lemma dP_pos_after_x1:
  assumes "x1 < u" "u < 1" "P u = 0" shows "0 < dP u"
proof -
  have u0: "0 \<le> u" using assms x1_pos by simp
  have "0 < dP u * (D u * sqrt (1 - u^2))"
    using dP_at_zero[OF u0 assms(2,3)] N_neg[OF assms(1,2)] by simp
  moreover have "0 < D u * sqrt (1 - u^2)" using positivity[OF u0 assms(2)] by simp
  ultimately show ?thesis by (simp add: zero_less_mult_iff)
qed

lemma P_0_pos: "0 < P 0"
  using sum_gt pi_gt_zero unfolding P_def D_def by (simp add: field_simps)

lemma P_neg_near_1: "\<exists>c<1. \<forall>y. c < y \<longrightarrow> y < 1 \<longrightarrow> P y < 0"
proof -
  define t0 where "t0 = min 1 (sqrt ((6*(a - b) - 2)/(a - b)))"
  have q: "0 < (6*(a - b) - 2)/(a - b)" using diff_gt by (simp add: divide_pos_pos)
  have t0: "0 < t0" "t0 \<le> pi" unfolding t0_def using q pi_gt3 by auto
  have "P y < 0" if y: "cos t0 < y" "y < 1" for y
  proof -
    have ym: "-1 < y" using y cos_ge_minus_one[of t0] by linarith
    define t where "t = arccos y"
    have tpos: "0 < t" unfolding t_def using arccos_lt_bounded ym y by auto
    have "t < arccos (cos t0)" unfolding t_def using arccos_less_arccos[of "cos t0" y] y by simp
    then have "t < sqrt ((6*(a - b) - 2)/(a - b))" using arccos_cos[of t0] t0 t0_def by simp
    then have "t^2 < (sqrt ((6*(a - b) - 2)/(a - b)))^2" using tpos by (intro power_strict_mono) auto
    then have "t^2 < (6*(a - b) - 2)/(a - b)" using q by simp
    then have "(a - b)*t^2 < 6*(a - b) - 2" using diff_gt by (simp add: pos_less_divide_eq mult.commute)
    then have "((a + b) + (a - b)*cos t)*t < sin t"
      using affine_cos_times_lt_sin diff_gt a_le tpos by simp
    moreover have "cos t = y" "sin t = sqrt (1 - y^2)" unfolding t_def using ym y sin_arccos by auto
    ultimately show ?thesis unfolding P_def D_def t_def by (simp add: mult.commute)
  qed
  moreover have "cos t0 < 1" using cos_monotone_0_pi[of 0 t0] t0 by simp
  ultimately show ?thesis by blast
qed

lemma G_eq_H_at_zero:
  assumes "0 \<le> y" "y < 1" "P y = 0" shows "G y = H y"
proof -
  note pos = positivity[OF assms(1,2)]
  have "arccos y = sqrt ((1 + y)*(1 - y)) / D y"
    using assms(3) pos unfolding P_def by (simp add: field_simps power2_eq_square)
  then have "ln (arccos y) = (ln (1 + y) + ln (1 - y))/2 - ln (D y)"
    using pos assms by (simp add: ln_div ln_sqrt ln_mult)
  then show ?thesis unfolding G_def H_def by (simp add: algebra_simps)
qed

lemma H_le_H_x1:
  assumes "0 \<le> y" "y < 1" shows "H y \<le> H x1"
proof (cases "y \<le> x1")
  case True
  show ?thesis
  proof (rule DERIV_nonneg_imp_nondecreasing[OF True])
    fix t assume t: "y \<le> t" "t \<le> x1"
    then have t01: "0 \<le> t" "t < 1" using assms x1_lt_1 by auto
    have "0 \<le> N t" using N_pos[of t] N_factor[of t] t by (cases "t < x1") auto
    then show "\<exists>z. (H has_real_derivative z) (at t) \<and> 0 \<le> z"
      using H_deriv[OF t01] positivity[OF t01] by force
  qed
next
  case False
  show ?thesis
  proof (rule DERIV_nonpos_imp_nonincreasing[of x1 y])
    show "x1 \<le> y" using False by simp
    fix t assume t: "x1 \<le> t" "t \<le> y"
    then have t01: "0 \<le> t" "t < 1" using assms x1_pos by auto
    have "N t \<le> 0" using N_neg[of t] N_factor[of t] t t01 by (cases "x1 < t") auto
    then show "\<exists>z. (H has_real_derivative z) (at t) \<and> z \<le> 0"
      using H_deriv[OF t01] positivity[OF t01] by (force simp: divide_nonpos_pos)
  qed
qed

Description of the task:
Determine how many lines of this listing have the word "proof" in them, and reply with that number alone.

Solution to this task:
7